New blog entry: Please RT to help me evaluate my #zombie monitoring system - https://t.co/b0gNfpJ0RM #zombieattack #biosurveillance #rstats pic.twitter.com/N3PTZBnaw4
— Michael Höhle (@m_hoehle) 25. September 2016
I will continuously update the graphs in this post to see how our
efforts are reflected in the time series of tweets containing the
#zombieattack
and #zombie
hashtags. Thanks for
your help!
Update at 2016-11-03 00:08:31
Below we show how the #zombieattack
series developed
after the post was made public:
The orange part of the bars indicates the fake outbreak tweet (1) as well as its retweets (10). It is obvious that despite the increased activity due to the fake outbreak tweets, no alarm was generated because of them. In parts this is explained by the high activity during 20-21 Sep. A previous outbreak? No, advertisements of zombie pinup badges on etsy. Since the EARS algorithm sequentially estimates the variance of the baseline counts, the peak on 20-21 Sep inflates the mean and variance and thus results in a high upperbound as long as it enters the baseline. Despite some extra activity 25-27 Sep due to the fake outbreak tweets, none of the days are above this bound. However, once the 20-21 Sep peak is out of the previous 7 days baseline, the alarm threshold decreases noticeably. We thus get an alarm for the peak on 30 September, even though it’s not higher than the previous peak on 20-21 Sep and it appears to be caused by other phenomena not related to our fake outbreak. A more careful analysis of the tweets reveals that they are caused by a charity fun run near Kuala Lumpur with a zombie attack theme!

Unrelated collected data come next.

(* Let $P(s,h)=\{p_1,\dots,p_m\}$ and $P(h,t)=\{p'_1,\dots,p'_n\}$ be skyline path sets with $p_i=(w_i,c_i)$, $p'_j=(w'_j,c'_j)$, each sorted in weight-increasing order, let $p_i^j=(w_i+w'_j,c_i+c'_j)$ and $P_c=\{p_k^l:1\le k\le m,1\le l\le n\}$. Fix $i,j$ and let $P_3=\{p_k^l: k<i,\ l>j\}$ and $P_4=\{p_k^l: k>i,\ l<j\}$. Then $p_i^j$ is a skyline path of $P_c$ (not dominated by any path of $P_c$) if and only if it is not dominated by any path in $P_3\cup P_4$.
   Context: A path with value $(w,c)$ dominates a path with value $(w',c')$ if $w\le w'$, $c\le c'$, and at least one inequality is strict. A skyline path set is a set of paths no one of which dominates another (so, in two dimensions, when sorted by increasing weight the costs are non-increasing). Concatenation adds weights and costs. *)

theory Defs
  imports Complex_Main
begin

text \<open>A path is represented by its value (weight, cost).\<close>
type_synonym pval = "real \<times> real"

definition dominates :: "pval \<Rightarrow> pval \<Rightarrow> bool" where
  "dominates p q \<longleftrightarrow> fst p \<le> fst q \<and> snd p \<le> snd q \<and> (fst p < fst q \<or> snd p < snd q)"

definition skyline :: "pval set \<Rightarrow> bool" where
  "skyline S \<longleftrightarrow> (\<forall>p\<in>S. \<forall>q\<in>S. \<not> dominates p q)"

definition concat_path :: "pval \<Rightarrow> pval \<Rightarrow> pval" where
  "concat_path p q = (fst p + fst q, snd p + snd q)"

end

theory Submission
  imports Defs
begin

text \<open>In a skyline list sorted by weight, an earlier path is either equal to a later one or strictly
  lighter and strictly more expensive. Hence a concatenation \<open>p\<^sub>k\<^sup>l\<close> with \<open>k \<le> i\<close> and \<open>l \<le> j\<close>
  is either \<open>p\<^sub>i\<^sup>j\<close> itself or strictly more expensive than it, and one with \<open>k \<ge> i\<close> and
  \<open>l \<ge> j\<close> is either \<open>p\<^sub>i\<^sup>j\<close> or strictly heavier; neither can dominate \<open>p\<^sub>i\<^sup>j\<close>. Only the index
  pairs of \<open>P\<^sub>3\<close> and \<open>P\<^sub>4\<close> remain.\<close>

lemma sorted_skyline_nth_le_cases:
  assumes "skyline (set ps)" "sorted (map fst ps)" "k \<le> i" "i < length ps"
  shows "ps ! k = ps ! i \<or> fst (ps ! k) < fst (ps ! i) \<and> snd (ps ! i) < snd (ps ! k)"
proof -
  have "fst (ps ! k) \<le> fst (ps ! i)"
    using assms(2-4) by (simp add: sorted_iff_nth_mono)
  moreover have "\<not> dominates (ps ! k) (ps ! i)" "\<not> dominates (ps ! i) (ps ! k)"
    using assms(1,3,4) unfolding skyline_def by auto
  ultimately show ?thesis
    unfolding dominates_def by (auto simp: prod_eq_iff)
qed

lemma not_dominates_concat_if_costlier:
  assumes "p' = p \<or> snd p < snd p'" "q' = q \<or> snd q < snd q'"
  shows "\<not> dominates (concat_path p' q') (concat_path p q)"
  using assms by (auto simp: dominates_def concat_path_def)

lemma not_dominates_concat_if_heavier:
  assumes "p' = p \<or> fst p < fst p'" "q' = q \<or> fst q < fst q'"
  shows "\<not> dominates (concat_path p' q') (concat_path p q)"
  using assms by (auto simp: dominates_def concat_path_def)

theorem mainTheorem4:
  fixes ps qs :: "pval list" and i j :: nat
  assumes "skyline (set ps)" and "skyline (set qs)"
    and "sorted (map fst ps)" and "sorted (map fst qs)"
    and "i < length ps" and "j < length qs"
  shows "(\<forall>r \<in> {concat_path (ps ! k) (qs ! l) | k l. k < length ps \<and> l < length qs}.
            \<not> dominates r (concat_path (ps ! i) (qs ! j)))
     \<longleftrightarrow> (\<forall>r \<in> {concat_path (ps ! k) (qs ! l) | k l. k < i \<and> j < l \<and> l < length qs}
                \<union> {concat_path (ps ! k) (qs ! l) | k l. i < k \<and> k < length ps \<and> l < j}.
            \<not> dominates r (concat_path (ps ! i) (qs ! j)))" (is "?all \<longleftrightarrow> ?crossed")
proof
  assume ?all
  then show ?crossed
    using assms(5,6) by fastforce
next
  assume crossed: ?crossed
  show ?all
  proof (intro ballI)
    fix r assume "r \<in> {concat_path (ps ! k) (qs ! l) | k l. k < length ps \<and> l < length qs}"
    then obtain k l where r: "r = concat_path (ps ! k) (qs ! l)" and kl: "k < length ps" "l < length qs"
      by blast
    consider "k \<le> i" "l \<le> j" | "i \<le> k" "j \<le> l" | "k < i" "j < l" | "i < k" "l < j"
      by linarith
    then show "\<not> dominates r (concat_path (ps ! i) (qs ! j))"
    proof cases
      case 1
      show ?thesis
        unfolding r
        using sorted_skyline_nth_le_cases[OF assms(1,3) 1(1) assms(5)]
          sorted_skyline_nth_le_cases[OF assms(2,4) 1(2) assms(6)]
        by (intro not_dominates_concat_if_costlier) auto
    next
      case 2
      show ?thesis
        unfolding r
        using sorted_skyline_nth_le_cases[OF assms(1,3) 2(1) kl(1)]
          sorted_skyline_nth_le_cases[OF assms(2,4) 2(2) kl(2)]
        by (intro not_dominates_concat_if_heavier) auto
    qed (use crossed r kl in blast)+
  qed
qed

end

SPAM FAM 😋 #zombieattack #charityfunrun2016 pic.twitter.com/YJW8Mjpd0L
— PAAN (@noorfarhan_) September 30, 2016
For further comparison, we also use a negative binomial CUSUM, which keeps the baseline steady, but allows the detection of sustained increases.

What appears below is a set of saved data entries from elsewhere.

(* Let $G$ be a cubic graph with a bridge $e$, and let $H_1$ and $H_2$ be the components of $G-e$. Then $c_2(G)=c_2(H_1)+c_2(H_2)$.
   Context: For a graph $G=(V,E)$ and a set $S_0\subseteq V$, the irreversible $2$-threshold conversion process is defined by: for $t=1,2,\dots$, $S_t$ is obtained from $S_{t-1}$ by adjoining all vertices having at least $2$ neighbours in $S_{t-1}$. $S_0$ is a $2$-conversion set if $S_t=V$ for some $t\ge 0$, and $c_2(G)$ is the minimum size of a $2$-conversion set of $G$ (defined for any graph, not only cubic ones). *)

theory Defs
  imports Main
begin

definition simple_graph :: "'a set \<Rightarrow> 'a set set \<Rightarrow> bool" where
  "simple_graph V E \<longleftrightarrow> finite V \<and>
     (\<forall>e\<in>E. \<exists>u v. e = {u, v} \<and> u \<noteq> v \<and> u \<in> V \<and> v \<in> V)"

definition degree :: "'a set \<Rightarrow> 'a set set \<Rightarrow> 'a \<Rightarrow> nat" where
  "degree V E v = card {u\<in>V. {u, v} \<in> E}"

definition cubic :: "'a set \<Rightarrow> 'a set set \<Rightarrow> bool" where
  "cubic V E \<longleftrightarrow> simple_graph V E \<and> (\<forall>v\<in>V. degree V E v = 3)"

definition adj :: "'a set \<Rightarrow> 'a set set \<Rightarrow> 'a \<Rightarrow> 'a \<Rightarrow> bool" where
  "adj V E u v \<longleftrightarrow> u \<in> V \<and> v \<in> V \<and> {u, v} \<in> E"

definition reachable :: "'a set \<Rightarrow> 'a set set \<Rightarrow> 'a \<Rightarrow> 'a \<Rightarrow> bool" where
  "reachable V E u v \<longleftrightarrow> u \<in> V \<and> (adj V E)\<^sup>*\<^sup>* u v"

definition components :: "'a set \<Rightarrow> 'a set set \<Rightarrow> 'a set set" where
  "components V E = {{y. reachable V E x y} | x. x \<in> V}"

definition is_bridge :: "'a set \<Rightarrow> 'a set set \<Rightarrow> 'a set \<Rightarrow> bool" where
  "is_bridge V E e \<longleftrightarrow> e \<in> E \<and> card (components V (E - {e})) > card (components V E)"

definition induced_edges :: "'a set set \<Rightarrow> 'a set \<Rightarrow> 'a set set" where
  "induced_edges E C = {f \<in> E. f \<subseteq> C}"

definition conv_step :: "'a set \<Rightarrow> 'a set set \<Rightarrow> 'a set \<Rightarrow> 'a set" where
  "conv_step V E S = S \<union> {v\<in>V. card {u\<in>S. {u, v} \<in> E} \<ge> 2}"

definition is_2_conversion_set :: "'a set \<Rightarrow> 'a set set \<Rightarrow> 'a set \<Rightarrow> bool" where
  "is_2_conversion_set V E S \<longleftrightarrow> S \<subseteq> V \<and> (\<exists>t. (conv_step V E ^^ t) S = V)"

definition c2 :: "'a set \<Rightarrow> 'a set set \<Rightarrow> nat" where
  "c2 V E = (LEAST n. \<exists>S. is_2_conversion_set V E S \<and> card S = n)"

end

theory Submission
  imports Defs
begin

The gray line shows the estimated mean from the eight base-line counts, the orange line shows the corresponding upper 99% quantile of this estimated distribution. The red line shows the alarm limit of a CUSUM method where the potential shift in the mean is estimated by maximum likelihood at each monitoring instance. The threshold is tuned such that it initially roughly coincides with the 99% quantile of the estimated distribution. Here, no signal is detected. Of course this depends on the quantile used for the detection and the 20-21 September peak being included fully in the baseline. Still, according to this metric occasional fake zombie runs are part of the routine.

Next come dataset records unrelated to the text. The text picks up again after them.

lemma graph_embedding_subdivision:
  "graph_embedding (subdiv_V V E k) (subdiv_E E k) (subdiv_ends ends k) X \<phi>' \<gamma>'"
proof -
  have "\<phi>' ` subdiv_V V E k \<subseteq> X"
  proof
    fix y assume "y \<in> \<phi>' ` subdiv_V V E k"
    then obtain w where w: "w \<in> subdiv_V V E k" "y = \<phi>' w" by blast
    show "y \<in> X"
    proof (cases rule: subdiv_vertex_cases[OF w(1)])
      case 1 then show ?thesis using vertices_in w by auto
    next
      case (2 e i)
      then have "y \<in> path_image (\<gamma> e)" using w by (auto simp: path_image_def)
      then show ?thesis using edge_in[OF 2(1)] by blast
    qed
  qed
  moreover have "\<forall>x\<in>subdiv_E E k. simple_path (\<gamma>' x) \<and> path_image (\<gamma>' x) \<subseteq> X \<and>
      pathstart (\<gamma>' x) = \<phi>' (fst (subdiv_ends ends k x)) \<and>
      pathfinish (\<gamma>' x) = \<phi>' (snd (subdiv_ends ends k x)) \<and>
      \<gamma>' x ` {0<..<1} \<inter> \<phi>' ` subdiv_V V E k = {}"
  proof
    fix x assume x: "x \<in> subdiv_E E k"
    obtain e j where "x = (e, j)" "e \<in> E" "j \<le> k" using x by (auto simp: subdiv_E_def)
    then show "simple_path (\<gamma>' x) \<and> path_image (\<gamma>' x) \<subseteq> X \<and>
      pathstart (\<gamma>' x) = \<phi>' (fst (subdiv_ends ends k x)) \<and>
      pathfinish (\<gamma>' x) = \<phi>' (snd (subdiv_ends ends k x)) \<and>
      \<gamma>' x ` {0<..<1} \<inter> \<phi>' ` subdiv_V V E k = {}"
      using subdiv_edge subdiv_edge_interior_avoids_vertices by (simp add: subdiv_ends_def)
  qed
  moreover have "\<forall>x\<in>subdiv_E E k. \<forall>y\<in>subdiv_E E k. x \<noteq> y \<longrightarrow>
      \<gamma>' x ` {0<..<1} \<inter> \<gamma>' y ` {0<..<1} = {}"
  proof (intro ballI impI)
    fix x y assume x: "x \<in> subdiv_E E k" and y: "y \<in> subdiv_E E k" and "x \<noteq> y"
    obtain e j e' j' where "x = (e, j)" "e \<in> E" "j \<le> k" "y = (e', j')" "e' \<in> E" "j' \<le> k"
      using x y by (auto simp: subdiv_E_def)
    then show "\<gamma>' x ` {0<..<1} \<inter> \<gamma>' y ` {0<..<1} = {}"
      using subdiv_edge_interiors_disjoint \<open>x \<noteq> y\<close> by blast
  qed
  ultimately show ?thesis
    unfolding graph_embedding_def using inj_subdiv_vertices by (intro conjI)
qed

end

lemma subdiv_pt_in_subdiv_V:
  assumes "graph V E ends" "e \<in> E" "j \<le> Suc k"
  shows "subdiv_pt ends k e j \<in> subdiv_V V E k"
  using assms by (auto simp: graph_def subdiv_pt_def subdiv_V_def)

Altogether, the “failed”” test proves several points:
- its hard to distinguish between previous outbreaks and irregular tweeting behaviour
- robust estimation of the baseline parameters might be needed
- the results are sensitive to the choice of which values to include in the baseline and the underlying probability model
- is twitter monitoring really sensitive enough to detect weak signals early enough?
The take home message of this update
To enhance statistical competence and preserve sleep: stick with the negative binomial CUSUM!